▸ **Exercise brief**
Please report each line of the data below that contains "False".

*** Opening The input ***

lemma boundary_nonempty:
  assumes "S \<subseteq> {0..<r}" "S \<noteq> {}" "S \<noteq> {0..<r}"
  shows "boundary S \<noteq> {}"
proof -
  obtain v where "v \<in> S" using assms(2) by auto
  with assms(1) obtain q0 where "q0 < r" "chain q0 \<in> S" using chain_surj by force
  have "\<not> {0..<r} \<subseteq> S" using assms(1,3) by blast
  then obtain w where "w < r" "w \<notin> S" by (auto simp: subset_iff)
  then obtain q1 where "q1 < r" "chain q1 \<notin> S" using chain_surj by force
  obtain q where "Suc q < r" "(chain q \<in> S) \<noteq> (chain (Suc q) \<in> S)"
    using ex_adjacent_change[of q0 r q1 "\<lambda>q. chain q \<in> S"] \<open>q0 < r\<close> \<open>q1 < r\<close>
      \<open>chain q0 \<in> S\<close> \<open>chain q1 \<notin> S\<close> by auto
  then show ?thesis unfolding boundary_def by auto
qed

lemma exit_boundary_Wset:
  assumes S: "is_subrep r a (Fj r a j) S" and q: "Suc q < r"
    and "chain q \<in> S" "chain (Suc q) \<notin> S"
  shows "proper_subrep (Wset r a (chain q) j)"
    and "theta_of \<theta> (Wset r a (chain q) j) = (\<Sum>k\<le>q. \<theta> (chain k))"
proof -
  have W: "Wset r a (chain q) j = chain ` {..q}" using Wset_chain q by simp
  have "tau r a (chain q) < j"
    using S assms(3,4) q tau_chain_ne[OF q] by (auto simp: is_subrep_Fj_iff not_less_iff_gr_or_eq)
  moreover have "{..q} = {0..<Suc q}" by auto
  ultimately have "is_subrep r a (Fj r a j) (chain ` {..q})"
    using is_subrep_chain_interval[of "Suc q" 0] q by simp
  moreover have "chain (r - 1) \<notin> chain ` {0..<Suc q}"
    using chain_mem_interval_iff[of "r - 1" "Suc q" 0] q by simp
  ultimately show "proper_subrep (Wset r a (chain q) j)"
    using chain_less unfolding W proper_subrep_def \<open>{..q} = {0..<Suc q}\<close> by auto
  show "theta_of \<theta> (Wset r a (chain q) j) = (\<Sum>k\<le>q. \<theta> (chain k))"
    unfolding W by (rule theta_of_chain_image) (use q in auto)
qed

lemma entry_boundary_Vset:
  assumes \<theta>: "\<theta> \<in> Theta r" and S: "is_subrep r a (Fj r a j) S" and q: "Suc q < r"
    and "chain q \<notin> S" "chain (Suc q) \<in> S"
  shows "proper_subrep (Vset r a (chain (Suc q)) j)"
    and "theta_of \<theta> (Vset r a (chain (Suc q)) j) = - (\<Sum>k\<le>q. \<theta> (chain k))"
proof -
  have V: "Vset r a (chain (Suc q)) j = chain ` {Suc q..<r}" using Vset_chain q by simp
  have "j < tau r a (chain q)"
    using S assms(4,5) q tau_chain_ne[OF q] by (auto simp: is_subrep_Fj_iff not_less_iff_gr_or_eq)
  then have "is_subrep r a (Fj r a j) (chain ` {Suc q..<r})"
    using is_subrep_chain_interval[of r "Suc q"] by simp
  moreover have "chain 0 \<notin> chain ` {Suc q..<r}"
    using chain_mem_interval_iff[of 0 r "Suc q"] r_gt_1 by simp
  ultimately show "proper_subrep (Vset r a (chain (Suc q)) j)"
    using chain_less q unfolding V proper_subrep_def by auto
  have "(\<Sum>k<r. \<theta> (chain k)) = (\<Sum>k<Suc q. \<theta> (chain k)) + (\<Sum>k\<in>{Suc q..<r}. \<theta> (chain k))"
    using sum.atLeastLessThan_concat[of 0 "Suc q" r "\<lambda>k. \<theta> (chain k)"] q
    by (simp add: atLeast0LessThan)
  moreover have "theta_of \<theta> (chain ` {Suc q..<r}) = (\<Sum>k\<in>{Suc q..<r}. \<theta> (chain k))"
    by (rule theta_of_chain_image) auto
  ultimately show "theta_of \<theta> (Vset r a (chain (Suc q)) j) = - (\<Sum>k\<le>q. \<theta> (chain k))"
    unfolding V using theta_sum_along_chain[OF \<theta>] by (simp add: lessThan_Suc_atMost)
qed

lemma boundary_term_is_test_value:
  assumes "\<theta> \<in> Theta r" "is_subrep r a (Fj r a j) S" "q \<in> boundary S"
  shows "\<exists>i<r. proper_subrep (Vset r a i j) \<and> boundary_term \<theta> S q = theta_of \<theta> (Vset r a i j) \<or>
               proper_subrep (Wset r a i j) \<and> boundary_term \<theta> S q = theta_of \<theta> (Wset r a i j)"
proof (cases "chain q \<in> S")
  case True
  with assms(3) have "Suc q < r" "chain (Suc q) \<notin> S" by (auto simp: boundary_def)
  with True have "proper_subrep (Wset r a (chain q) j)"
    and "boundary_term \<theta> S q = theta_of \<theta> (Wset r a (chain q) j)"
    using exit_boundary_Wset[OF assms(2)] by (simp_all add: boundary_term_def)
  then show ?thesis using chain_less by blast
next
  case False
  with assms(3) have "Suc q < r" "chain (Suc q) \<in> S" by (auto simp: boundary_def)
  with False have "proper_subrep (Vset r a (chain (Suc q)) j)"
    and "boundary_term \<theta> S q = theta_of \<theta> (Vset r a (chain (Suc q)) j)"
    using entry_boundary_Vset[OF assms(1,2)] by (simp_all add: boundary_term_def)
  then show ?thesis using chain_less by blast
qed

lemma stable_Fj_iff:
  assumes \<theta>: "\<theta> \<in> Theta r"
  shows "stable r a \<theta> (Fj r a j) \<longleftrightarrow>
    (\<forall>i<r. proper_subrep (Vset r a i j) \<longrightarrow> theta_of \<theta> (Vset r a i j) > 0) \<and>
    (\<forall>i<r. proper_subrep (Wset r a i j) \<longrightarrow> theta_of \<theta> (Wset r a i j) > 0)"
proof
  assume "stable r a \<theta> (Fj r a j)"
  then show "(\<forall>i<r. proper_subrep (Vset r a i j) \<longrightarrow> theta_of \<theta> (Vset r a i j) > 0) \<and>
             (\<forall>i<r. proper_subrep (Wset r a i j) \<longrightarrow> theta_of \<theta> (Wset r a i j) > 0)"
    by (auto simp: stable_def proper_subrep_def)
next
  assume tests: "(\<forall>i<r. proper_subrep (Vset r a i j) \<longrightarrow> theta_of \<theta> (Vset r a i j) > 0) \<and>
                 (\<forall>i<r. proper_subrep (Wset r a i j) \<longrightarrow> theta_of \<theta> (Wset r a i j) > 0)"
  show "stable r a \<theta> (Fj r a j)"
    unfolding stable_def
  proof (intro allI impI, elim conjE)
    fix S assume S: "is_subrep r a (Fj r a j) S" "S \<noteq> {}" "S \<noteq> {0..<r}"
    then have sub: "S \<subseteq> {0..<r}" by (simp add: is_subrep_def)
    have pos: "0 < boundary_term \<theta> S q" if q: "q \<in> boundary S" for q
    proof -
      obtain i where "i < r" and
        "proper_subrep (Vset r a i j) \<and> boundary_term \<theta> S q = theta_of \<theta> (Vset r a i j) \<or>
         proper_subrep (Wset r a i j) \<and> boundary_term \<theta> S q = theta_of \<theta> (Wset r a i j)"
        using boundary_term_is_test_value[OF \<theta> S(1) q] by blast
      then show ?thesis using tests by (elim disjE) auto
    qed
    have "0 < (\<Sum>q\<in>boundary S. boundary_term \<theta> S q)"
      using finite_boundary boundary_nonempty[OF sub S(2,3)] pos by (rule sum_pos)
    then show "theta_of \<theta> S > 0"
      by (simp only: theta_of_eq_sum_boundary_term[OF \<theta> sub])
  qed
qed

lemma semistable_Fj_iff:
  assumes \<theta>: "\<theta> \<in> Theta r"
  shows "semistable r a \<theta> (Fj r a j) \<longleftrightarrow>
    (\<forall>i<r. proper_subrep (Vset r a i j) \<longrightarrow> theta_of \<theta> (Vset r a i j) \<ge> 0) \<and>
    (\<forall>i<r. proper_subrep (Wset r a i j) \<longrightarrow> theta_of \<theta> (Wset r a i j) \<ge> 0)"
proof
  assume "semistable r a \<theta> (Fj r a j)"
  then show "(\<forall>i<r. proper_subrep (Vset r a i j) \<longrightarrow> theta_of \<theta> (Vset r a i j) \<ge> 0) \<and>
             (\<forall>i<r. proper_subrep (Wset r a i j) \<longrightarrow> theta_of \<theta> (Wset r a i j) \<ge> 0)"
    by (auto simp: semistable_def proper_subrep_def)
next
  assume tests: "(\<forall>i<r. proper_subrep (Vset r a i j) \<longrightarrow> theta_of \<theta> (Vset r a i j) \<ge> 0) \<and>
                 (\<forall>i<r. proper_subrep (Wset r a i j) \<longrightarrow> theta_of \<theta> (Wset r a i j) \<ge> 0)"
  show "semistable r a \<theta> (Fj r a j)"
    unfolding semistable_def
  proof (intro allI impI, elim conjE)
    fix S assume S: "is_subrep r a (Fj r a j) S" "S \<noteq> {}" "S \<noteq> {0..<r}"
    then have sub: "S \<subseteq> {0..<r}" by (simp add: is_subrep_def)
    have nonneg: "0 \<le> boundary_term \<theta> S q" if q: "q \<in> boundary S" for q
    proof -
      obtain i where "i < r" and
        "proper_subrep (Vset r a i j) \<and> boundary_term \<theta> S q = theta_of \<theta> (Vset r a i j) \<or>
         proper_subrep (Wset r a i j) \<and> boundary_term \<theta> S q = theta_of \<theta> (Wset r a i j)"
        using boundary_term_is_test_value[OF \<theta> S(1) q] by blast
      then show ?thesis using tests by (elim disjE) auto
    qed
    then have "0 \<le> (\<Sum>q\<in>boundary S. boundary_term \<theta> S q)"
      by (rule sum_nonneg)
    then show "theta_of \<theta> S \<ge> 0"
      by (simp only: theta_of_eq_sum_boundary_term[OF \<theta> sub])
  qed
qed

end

*** Closing The input ***
*** Opening The input ***

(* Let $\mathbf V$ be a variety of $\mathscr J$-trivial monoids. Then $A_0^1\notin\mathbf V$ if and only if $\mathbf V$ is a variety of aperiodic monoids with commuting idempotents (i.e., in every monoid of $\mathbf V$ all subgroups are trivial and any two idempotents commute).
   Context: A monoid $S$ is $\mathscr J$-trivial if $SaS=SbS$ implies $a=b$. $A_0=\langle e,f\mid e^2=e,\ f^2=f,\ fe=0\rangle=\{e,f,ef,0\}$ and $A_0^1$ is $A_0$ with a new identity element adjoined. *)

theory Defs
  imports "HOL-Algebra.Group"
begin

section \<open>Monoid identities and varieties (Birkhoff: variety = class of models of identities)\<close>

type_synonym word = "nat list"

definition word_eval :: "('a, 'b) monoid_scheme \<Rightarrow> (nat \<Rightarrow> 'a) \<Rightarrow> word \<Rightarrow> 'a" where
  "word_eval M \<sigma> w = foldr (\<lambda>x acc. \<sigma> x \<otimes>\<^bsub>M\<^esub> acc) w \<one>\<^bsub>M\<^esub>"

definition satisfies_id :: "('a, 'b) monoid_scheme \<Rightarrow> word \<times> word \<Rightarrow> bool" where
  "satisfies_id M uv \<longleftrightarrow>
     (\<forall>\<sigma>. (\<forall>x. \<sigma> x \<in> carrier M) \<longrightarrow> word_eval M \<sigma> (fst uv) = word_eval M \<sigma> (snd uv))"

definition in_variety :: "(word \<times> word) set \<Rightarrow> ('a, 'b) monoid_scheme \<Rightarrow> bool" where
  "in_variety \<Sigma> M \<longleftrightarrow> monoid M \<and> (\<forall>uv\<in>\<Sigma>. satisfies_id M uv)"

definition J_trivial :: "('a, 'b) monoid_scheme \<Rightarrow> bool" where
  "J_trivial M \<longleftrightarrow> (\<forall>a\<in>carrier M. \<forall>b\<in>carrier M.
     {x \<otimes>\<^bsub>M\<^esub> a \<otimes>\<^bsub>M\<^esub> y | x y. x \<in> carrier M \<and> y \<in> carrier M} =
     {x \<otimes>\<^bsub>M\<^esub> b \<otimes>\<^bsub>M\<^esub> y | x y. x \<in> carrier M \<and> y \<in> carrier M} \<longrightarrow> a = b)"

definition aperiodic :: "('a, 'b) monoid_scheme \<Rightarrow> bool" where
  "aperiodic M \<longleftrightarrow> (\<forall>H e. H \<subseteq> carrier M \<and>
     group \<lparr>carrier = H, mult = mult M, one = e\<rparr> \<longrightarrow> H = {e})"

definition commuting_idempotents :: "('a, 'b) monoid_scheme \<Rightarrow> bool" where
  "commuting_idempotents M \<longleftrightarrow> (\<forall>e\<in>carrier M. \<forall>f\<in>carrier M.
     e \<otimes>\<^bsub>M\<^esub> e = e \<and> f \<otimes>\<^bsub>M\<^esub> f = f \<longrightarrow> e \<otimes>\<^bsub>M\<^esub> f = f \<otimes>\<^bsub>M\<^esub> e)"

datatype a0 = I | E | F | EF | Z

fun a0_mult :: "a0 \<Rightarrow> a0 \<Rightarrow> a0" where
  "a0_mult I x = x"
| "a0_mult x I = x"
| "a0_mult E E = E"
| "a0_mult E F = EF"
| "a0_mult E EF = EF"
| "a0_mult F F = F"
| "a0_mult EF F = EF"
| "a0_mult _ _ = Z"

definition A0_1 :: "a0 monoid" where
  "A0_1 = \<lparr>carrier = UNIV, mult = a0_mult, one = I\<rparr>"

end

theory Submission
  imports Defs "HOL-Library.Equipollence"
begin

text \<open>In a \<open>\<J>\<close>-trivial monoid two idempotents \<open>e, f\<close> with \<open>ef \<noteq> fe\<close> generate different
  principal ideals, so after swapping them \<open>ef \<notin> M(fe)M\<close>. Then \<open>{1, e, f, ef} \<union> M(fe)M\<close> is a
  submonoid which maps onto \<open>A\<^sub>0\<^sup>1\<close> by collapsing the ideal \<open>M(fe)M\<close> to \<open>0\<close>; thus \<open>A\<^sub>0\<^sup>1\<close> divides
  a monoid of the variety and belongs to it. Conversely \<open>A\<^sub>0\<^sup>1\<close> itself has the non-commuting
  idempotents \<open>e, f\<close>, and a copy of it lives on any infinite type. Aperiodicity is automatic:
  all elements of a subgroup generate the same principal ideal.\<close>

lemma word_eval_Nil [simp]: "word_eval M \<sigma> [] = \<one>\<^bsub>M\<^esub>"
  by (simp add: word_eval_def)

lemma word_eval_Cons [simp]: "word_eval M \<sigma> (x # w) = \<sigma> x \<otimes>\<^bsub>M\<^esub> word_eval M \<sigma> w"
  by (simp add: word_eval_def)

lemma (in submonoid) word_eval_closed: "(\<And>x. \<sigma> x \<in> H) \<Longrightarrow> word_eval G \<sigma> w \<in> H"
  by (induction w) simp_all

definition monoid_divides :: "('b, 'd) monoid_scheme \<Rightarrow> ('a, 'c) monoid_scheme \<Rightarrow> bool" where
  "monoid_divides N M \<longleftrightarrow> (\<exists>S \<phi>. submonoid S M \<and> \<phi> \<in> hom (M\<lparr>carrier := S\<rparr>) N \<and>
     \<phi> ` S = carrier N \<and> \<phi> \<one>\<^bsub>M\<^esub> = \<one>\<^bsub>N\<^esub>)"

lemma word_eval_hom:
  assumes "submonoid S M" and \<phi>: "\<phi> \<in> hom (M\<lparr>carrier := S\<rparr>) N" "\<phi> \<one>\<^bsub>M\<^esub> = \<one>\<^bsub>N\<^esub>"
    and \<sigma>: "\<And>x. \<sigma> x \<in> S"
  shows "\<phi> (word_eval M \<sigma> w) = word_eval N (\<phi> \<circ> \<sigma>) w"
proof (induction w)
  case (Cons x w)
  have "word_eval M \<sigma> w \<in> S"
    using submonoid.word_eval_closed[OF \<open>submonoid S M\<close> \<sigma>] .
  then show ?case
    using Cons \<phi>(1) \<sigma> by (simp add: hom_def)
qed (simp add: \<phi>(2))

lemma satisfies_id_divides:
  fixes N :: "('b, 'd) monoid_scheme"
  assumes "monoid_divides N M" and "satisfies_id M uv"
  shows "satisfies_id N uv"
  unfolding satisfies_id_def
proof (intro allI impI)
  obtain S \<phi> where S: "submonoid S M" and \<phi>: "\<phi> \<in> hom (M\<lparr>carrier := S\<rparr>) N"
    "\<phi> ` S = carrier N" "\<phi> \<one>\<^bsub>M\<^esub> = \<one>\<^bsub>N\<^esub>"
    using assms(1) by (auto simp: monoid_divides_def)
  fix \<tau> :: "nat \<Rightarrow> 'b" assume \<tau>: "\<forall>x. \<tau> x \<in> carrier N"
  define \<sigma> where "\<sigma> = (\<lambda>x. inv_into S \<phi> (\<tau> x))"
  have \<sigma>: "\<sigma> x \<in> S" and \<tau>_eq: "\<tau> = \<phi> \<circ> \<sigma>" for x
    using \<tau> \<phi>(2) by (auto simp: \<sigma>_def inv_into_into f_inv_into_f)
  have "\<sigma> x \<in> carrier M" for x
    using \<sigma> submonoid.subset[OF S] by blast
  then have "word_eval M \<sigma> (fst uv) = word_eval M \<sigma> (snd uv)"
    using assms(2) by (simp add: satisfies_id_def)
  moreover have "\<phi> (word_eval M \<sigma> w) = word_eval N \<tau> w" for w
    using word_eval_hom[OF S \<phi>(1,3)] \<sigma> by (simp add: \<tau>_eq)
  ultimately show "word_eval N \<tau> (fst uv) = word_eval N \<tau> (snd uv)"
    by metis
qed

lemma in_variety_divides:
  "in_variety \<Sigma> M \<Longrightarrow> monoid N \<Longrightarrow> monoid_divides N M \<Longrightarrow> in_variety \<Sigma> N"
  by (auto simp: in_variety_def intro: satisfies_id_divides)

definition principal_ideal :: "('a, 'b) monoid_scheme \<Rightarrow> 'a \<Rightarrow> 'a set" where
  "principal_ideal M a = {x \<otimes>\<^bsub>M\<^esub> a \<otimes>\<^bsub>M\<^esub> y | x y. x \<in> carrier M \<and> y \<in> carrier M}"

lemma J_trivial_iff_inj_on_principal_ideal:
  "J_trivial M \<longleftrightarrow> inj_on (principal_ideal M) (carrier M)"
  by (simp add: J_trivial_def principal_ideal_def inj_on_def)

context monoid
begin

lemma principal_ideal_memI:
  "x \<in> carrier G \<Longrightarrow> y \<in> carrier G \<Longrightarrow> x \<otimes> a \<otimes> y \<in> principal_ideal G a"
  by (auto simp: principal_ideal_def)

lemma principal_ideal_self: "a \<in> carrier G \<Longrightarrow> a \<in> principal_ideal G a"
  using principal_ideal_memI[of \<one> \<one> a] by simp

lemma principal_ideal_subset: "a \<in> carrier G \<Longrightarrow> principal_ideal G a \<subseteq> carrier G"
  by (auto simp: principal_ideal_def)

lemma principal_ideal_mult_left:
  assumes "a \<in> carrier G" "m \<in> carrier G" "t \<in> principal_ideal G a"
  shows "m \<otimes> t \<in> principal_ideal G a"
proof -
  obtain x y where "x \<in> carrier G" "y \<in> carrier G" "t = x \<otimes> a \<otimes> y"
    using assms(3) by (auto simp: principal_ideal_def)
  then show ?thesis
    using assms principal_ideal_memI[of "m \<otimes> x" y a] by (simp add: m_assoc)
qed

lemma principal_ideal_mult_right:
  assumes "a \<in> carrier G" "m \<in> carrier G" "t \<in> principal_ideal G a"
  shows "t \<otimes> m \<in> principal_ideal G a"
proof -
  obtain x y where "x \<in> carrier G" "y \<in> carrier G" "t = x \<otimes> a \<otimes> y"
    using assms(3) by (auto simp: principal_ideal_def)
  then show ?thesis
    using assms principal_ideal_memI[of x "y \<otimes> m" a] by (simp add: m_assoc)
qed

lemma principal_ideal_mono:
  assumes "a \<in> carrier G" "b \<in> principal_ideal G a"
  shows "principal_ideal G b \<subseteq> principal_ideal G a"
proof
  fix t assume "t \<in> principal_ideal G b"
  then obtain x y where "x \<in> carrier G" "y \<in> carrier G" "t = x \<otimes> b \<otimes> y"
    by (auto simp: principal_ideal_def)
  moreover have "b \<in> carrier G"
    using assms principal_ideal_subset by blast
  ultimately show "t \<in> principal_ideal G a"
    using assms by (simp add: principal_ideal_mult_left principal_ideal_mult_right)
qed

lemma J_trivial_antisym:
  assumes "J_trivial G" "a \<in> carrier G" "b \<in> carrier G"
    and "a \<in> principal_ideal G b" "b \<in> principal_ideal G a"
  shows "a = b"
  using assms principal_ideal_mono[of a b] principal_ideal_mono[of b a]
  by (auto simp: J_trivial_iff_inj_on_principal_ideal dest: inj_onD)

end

*** Closing The input ***

▸ **Exercise output**
  case False
  with False have "proper_subrep (Vset r a (chain (Suc q)) j)"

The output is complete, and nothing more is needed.